__TASK BRIEF__
Quote the entries below from the line with "h \<Longrightarrow> 0" through the line with "by (simp add: pcomp_def disk_incl_def)", both ends included, and only those lines.

++++ RECORDS FOR PROCESSING

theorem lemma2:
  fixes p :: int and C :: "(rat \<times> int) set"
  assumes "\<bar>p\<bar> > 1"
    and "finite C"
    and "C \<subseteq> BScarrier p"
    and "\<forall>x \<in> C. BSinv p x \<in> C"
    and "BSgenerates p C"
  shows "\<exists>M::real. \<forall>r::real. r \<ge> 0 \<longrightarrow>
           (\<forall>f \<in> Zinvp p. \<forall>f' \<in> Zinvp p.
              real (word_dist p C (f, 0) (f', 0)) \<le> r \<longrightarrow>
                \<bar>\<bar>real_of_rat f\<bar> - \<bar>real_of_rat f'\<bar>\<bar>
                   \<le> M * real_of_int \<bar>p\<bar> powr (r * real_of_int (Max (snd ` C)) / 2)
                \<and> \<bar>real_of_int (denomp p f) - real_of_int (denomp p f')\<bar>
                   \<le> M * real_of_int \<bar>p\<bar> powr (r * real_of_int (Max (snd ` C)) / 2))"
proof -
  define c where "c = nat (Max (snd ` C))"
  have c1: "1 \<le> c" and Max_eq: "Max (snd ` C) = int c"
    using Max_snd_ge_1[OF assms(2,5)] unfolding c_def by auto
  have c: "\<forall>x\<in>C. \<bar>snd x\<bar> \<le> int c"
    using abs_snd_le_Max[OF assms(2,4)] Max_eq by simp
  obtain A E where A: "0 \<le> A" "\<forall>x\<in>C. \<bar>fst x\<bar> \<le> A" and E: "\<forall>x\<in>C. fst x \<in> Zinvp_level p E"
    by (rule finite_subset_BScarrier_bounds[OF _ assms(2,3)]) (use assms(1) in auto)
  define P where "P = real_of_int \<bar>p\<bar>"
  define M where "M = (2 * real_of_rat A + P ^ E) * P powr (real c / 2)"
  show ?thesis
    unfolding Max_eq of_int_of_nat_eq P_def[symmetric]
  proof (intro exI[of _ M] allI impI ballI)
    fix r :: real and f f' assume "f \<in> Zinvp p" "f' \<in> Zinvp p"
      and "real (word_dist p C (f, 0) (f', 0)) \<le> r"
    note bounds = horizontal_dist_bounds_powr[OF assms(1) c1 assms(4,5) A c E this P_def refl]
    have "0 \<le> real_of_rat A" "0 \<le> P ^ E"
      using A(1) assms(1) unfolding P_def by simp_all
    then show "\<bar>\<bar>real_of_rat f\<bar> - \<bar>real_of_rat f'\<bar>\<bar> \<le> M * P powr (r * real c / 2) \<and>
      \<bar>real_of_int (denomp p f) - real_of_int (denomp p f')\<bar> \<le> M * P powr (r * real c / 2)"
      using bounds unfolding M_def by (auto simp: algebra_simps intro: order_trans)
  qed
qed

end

++++++++
++++ RECORDS FOR PROCESSING

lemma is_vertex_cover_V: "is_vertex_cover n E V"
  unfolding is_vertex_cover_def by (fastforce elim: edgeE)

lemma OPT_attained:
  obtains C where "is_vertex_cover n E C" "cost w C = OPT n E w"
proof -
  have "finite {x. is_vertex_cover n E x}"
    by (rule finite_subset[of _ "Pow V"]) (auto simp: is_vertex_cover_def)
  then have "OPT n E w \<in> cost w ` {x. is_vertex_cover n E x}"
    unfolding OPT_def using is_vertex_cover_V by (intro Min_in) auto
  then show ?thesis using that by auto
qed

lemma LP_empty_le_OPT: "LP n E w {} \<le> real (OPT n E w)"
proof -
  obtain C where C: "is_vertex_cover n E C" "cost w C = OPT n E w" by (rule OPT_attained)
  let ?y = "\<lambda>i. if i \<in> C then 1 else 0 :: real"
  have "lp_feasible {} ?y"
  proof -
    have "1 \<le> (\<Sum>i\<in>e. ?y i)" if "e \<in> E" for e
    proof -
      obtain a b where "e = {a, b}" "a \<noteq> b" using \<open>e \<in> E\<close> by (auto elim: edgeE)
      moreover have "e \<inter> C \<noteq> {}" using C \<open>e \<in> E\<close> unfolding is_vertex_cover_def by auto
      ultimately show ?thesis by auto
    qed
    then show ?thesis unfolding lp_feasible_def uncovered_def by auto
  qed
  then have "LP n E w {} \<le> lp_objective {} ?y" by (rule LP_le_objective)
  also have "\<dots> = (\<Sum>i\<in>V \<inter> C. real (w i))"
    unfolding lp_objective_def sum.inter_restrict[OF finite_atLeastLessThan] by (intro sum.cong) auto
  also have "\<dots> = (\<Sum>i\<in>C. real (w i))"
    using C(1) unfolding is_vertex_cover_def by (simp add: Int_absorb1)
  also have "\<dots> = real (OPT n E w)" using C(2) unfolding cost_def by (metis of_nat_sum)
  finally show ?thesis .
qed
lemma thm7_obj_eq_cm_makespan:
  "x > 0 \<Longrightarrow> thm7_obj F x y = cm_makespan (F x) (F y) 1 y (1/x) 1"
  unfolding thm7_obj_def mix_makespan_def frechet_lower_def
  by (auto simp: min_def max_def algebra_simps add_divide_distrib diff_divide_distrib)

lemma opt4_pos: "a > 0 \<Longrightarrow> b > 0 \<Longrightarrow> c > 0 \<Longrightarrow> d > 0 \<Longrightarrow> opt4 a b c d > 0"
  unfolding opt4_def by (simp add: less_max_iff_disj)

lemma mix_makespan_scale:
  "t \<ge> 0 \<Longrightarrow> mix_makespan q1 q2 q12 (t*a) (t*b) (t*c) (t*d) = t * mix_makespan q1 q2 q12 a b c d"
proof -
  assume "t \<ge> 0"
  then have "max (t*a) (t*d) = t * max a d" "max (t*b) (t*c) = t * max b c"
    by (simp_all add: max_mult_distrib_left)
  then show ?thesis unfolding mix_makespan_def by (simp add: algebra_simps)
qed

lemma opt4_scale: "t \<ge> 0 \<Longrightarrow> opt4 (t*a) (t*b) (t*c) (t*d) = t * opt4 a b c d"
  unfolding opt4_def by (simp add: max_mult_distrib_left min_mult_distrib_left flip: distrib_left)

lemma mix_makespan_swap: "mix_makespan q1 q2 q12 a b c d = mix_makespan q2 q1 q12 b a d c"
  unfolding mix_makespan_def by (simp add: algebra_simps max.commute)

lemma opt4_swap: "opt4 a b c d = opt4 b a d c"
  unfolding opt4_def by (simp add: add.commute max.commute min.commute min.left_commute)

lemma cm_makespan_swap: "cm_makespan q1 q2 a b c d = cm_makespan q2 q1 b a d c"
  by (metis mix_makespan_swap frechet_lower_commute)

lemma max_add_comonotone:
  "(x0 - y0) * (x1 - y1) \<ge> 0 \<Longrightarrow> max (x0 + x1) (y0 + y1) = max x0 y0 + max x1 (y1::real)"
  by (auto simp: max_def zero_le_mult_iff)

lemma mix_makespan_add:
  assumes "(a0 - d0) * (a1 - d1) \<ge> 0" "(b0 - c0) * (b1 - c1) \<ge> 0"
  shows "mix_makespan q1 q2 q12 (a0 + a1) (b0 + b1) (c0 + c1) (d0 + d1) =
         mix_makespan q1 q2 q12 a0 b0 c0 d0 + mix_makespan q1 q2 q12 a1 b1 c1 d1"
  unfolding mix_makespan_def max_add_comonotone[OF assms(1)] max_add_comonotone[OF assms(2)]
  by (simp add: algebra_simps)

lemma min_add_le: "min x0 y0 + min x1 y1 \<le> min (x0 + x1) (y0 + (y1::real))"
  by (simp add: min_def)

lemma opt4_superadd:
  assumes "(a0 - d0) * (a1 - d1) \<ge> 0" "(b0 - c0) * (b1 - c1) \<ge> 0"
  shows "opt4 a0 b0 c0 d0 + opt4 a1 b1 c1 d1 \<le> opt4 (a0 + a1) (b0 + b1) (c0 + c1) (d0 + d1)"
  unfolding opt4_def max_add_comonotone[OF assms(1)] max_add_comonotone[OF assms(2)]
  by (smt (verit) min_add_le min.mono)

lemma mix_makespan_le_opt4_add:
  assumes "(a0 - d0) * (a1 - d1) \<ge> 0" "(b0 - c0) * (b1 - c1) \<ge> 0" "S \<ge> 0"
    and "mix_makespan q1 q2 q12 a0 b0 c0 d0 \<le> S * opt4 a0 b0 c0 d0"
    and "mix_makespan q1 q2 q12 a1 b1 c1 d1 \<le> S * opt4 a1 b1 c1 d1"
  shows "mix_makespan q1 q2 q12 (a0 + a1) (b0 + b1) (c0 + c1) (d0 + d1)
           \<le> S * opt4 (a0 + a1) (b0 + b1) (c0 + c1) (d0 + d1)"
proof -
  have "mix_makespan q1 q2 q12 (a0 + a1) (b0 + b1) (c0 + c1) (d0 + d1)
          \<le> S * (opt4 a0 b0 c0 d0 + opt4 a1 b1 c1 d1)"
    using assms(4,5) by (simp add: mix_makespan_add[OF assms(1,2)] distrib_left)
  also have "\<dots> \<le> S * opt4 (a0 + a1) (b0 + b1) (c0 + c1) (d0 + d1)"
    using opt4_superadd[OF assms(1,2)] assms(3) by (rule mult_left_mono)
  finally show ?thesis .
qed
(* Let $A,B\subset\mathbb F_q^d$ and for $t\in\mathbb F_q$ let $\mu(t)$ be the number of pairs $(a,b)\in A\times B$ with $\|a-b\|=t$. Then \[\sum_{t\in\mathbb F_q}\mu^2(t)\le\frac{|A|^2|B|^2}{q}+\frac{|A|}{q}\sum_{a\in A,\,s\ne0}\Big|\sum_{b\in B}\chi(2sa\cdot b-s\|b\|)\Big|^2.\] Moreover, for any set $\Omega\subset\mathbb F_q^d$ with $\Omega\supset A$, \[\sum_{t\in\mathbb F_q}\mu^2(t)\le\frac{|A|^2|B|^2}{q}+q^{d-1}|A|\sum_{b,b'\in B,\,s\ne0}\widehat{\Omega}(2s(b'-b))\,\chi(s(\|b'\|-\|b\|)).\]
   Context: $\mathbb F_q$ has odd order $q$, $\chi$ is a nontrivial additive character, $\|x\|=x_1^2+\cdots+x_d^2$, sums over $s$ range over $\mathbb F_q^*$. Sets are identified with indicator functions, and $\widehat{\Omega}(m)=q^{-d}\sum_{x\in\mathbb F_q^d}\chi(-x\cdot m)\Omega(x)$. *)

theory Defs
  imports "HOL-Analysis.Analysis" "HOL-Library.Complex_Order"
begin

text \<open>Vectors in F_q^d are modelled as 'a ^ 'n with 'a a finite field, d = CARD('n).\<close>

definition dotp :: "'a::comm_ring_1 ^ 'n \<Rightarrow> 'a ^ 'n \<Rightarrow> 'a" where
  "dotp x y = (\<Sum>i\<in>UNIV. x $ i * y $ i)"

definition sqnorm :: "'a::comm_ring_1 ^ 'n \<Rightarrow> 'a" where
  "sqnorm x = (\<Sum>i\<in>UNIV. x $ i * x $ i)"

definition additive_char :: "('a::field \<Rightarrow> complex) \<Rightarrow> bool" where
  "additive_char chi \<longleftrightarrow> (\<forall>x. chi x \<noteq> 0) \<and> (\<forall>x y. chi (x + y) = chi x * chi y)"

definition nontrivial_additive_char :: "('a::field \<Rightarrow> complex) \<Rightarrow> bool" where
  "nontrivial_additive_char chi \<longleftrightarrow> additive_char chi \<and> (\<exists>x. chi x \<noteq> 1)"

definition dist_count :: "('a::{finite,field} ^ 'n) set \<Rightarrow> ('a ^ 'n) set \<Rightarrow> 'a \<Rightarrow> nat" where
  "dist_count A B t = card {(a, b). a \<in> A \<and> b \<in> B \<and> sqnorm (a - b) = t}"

++++++++
++++ RECORDS FOR PROCESSING

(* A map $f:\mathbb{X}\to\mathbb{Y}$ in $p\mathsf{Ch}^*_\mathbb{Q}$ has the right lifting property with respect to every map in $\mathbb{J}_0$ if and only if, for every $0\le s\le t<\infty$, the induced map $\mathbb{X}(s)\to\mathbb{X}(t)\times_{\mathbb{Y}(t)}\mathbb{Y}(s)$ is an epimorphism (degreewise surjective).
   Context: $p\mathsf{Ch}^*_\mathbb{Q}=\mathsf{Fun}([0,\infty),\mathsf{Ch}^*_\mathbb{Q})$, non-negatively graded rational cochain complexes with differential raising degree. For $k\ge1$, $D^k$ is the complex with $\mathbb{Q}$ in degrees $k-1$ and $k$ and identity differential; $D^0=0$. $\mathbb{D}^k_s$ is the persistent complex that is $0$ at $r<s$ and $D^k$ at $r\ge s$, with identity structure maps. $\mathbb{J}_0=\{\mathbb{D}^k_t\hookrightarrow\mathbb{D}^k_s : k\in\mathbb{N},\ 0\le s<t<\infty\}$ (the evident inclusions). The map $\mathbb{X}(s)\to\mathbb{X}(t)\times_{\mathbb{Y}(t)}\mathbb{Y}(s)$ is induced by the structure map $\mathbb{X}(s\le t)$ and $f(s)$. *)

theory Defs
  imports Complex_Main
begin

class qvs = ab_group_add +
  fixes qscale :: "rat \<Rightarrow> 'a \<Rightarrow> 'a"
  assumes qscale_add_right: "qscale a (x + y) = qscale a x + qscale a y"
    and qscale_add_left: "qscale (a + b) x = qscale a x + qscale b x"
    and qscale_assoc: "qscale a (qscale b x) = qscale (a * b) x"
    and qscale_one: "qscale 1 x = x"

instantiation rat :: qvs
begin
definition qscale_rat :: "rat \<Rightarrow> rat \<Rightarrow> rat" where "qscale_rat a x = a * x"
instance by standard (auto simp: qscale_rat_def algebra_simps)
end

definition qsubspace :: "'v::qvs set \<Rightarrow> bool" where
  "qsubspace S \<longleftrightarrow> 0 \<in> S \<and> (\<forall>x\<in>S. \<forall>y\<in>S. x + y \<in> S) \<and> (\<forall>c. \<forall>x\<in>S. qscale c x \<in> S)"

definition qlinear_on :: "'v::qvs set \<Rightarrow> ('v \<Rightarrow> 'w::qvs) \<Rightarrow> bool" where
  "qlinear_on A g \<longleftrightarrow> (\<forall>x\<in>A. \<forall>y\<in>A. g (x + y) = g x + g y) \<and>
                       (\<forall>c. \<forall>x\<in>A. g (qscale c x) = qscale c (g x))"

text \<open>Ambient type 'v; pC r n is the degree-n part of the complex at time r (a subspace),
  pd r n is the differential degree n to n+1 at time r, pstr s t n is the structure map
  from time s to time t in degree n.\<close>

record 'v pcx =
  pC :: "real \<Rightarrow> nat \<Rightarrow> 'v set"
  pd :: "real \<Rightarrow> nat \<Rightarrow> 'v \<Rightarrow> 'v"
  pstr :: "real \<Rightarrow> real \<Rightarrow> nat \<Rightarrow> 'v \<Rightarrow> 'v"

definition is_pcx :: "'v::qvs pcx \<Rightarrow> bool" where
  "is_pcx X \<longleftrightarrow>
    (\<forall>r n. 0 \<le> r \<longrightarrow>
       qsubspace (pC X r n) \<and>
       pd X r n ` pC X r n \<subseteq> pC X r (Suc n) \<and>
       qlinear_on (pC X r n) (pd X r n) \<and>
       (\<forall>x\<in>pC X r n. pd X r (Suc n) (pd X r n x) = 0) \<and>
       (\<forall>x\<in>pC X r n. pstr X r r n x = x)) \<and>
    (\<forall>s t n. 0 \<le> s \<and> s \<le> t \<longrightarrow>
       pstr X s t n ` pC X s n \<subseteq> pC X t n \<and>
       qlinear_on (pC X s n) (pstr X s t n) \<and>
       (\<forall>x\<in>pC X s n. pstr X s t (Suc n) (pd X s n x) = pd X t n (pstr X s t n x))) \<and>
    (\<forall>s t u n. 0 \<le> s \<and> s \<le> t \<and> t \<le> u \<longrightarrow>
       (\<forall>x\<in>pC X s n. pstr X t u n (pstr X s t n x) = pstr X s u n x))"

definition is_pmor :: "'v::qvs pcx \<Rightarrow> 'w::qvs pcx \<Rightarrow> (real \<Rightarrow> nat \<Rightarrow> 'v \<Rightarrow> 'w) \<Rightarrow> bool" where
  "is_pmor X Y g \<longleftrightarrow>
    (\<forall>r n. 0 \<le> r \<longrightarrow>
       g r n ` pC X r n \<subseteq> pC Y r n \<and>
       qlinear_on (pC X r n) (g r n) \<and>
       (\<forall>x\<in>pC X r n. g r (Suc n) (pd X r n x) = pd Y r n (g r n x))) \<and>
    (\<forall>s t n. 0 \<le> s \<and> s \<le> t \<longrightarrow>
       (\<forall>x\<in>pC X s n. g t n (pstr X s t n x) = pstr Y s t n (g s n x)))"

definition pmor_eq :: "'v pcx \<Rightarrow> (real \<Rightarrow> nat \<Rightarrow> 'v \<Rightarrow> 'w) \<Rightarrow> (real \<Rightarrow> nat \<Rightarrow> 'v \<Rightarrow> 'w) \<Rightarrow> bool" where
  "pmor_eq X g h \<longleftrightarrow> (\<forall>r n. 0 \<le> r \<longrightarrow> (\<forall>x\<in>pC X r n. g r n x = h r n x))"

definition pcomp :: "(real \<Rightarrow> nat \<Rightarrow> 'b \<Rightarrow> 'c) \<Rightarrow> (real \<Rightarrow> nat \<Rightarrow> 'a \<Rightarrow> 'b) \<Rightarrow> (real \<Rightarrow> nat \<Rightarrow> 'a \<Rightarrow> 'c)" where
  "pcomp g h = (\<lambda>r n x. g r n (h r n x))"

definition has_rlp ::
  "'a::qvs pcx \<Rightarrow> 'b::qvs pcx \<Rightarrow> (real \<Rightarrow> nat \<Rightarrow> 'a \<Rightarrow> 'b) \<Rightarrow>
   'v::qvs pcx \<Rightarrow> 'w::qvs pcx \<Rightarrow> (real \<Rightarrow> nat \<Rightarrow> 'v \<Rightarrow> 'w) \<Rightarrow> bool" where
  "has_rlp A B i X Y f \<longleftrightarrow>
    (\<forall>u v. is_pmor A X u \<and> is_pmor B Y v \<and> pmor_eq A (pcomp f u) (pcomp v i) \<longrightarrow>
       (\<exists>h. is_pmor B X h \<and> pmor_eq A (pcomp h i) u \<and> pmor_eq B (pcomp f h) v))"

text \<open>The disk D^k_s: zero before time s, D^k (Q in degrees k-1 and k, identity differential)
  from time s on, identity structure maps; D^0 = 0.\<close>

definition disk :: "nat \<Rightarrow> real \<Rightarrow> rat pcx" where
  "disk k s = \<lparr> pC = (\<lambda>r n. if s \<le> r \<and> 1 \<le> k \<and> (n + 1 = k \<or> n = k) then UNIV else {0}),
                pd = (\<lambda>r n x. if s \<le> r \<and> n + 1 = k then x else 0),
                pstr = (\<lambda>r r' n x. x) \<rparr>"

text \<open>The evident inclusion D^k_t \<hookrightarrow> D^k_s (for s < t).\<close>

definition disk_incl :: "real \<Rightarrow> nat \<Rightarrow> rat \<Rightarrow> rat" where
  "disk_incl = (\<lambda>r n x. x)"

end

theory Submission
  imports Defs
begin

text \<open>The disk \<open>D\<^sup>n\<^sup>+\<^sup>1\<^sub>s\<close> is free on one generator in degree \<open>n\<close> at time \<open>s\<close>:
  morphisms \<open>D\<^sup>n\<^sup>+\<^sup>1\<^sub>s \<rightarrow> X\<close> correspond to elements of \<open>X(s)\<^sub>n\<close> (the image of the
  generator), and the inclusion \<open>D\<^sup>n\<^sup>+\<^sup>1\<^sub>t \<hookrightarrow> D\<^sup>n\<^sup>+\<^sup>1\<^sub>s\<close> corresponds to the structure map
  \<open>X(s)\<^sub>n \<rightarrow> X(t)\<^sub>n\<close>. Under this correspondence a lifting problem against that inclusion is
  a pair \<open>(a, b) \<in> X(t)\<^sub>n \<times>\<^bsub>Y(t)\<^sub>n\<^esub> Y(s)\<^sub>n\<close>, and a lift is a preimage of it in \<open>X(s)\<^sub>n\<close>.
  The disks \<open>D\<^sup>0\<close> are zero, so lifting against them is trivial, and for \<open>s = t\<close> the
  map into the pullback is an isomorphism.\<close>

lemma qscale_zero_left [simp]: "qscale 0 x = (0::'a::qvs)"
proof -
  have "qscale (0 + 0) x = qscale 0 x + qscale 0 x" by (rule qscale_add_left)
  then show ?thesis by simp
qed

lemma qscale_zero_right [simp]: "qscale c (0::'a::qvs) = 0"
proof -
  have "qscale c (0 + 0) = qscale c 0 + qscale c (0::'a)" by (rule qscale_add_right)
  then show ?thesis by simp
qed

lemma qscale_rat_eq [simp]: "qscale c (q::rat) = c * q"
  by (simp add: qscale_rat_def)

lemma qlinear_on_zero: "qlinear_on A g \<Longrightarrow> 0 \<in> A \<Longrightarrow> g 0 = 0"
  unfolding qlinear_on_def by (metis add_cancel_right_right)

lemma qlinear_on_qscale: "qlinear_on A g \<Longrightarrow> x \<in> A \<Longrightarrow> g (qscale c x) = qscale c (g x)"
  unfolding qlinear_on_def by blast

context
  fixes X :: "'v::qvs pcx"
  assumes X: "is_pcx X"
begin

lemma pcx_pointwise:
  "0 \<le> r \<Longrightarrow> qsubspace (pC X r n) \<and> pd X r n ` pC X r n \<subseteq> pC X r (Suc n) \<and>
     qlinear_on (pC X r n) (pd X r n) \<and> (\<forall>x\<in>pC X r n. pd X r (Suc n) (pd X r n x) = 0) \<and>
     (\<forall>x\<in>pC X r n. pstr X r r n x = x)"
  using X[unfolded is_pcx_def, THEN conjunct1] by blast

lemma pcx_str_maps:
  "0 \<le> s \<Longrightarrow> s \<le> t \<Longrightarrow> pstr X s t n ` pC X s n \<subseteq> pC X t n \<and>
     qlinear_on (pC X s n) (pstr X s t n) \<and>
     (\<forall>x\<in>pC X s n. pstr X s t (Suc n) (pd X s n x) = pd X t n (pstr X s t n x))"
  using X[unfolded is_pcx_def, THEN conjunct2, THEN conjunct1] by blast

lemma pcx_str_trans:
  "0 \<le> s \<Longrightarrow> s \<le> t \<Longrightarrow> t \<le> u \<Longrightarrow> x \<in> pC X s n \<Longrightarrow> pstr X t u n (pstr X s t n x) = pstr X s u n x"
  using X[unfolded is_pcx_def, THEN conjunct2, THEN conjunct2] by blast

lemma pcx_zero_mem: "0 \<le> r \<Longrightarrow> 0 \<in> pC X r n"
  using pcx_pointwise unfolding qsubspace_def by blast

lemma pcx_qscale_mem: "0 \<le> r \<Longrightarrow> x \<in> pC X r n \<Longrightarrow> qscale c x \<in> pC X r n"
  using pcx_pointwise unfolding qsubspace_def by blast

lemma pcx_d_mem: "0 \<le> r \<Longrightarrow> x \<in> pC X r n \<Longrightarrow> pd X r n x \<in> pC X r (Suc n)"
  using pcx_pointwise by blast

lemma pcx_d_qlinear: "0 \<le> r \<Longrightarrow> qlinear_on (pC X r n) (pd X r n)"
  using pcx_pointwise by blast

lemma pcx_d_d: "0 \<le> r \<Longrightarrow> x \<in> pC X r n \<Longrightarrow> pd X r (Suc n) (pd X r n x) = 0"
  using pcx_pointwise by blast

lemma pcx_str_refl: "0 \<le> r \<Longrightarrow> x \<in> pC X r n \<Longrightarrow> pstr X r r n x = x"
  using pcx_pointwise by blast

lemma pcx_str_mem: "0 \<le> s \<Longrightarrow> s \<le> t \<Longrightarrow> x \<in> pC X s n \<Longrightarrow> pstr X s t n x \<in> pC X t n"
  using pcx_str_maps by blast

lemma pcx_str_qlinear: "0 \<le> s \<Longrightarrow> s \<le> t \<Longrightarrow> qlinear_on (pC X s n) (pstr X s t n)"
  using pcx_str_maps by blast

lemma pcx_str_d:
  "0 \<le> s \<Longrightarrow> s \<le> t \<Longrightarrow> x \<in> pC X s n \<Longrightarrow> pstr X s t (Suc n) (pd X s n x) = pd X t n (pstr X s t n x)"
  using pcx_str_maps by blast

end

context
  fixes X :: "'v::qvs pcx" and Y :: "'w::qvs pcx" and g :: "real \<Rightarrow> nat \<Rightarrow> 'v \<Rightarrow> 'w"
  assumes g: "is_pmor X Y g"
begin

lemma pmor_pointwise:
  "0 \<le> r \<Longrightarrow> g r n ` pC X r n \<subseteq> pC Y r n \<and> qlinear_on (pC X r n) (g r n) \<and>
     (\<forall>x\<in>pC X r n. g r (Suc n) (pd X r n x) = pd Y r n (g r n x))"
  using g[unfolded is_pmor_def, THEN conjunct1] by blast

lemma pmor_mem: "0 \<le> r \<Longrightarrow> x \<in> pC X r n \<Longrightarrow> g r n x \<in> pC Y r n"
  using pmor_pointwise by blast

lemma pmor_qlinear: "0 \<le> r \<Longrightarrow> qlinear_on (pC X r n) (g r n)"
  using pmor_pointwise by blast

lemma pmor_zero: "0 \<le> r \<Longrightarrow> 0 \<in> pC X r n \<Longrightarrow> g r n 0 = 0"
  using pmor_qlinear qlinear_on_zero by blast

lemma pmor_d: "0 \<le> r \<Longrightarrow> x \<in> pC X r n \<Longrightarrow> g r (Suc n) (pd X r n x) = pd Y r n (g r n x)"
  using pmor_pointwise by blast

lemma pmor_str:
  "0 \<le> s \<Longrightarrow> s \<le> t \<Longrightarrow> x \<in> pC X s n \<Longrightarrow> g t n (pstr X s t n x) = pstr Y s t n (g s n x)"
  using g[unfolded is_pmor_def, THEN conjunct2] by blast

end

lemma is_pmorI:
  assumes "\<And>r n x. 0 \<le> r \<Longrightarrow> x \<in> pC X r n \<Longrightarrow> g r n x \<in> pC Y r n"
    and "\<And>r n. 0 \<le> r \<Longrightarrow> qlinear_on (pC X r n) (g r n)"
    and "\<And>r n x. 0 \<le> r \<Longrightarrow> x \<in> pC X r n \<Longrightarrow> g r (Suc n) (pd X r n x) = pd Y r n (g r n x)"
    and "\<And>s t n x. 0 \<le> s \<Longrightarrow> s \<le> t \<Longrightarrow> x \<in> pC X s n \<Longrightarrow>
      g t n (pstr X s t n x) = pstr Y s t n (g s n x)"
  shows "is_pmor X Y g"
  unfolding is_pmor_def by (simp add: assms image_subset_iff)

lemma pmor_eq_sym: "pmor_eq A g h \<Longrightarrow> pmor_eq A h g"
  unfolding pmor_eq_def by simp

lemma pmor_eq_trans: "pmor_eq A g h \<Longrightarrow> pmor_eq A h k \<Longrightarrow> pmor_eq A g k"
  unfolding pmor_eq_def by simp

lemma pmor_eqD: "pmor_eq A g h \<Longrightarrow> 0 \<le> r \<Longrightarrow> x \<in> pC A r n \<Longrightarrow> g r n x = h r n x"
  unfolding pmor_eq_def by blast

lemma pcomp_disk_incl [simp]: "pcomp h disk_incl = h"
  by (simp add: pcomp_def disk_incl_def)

++++++++

__REPLY__
lemma pmor_eqD: "pmor_eq A g h \<Longrightarrow> 0 \<le> r \<Longrightarrow> x \<in> pC A r n \<Longrightarrow> g r n x = h r n x"
  unfolding pmor_eq_def by blast

lemma pcomp_disk_incl [simp]: "pcomp h disk_incl = h"
  by (simp add: pcomp_def disk_incl_def)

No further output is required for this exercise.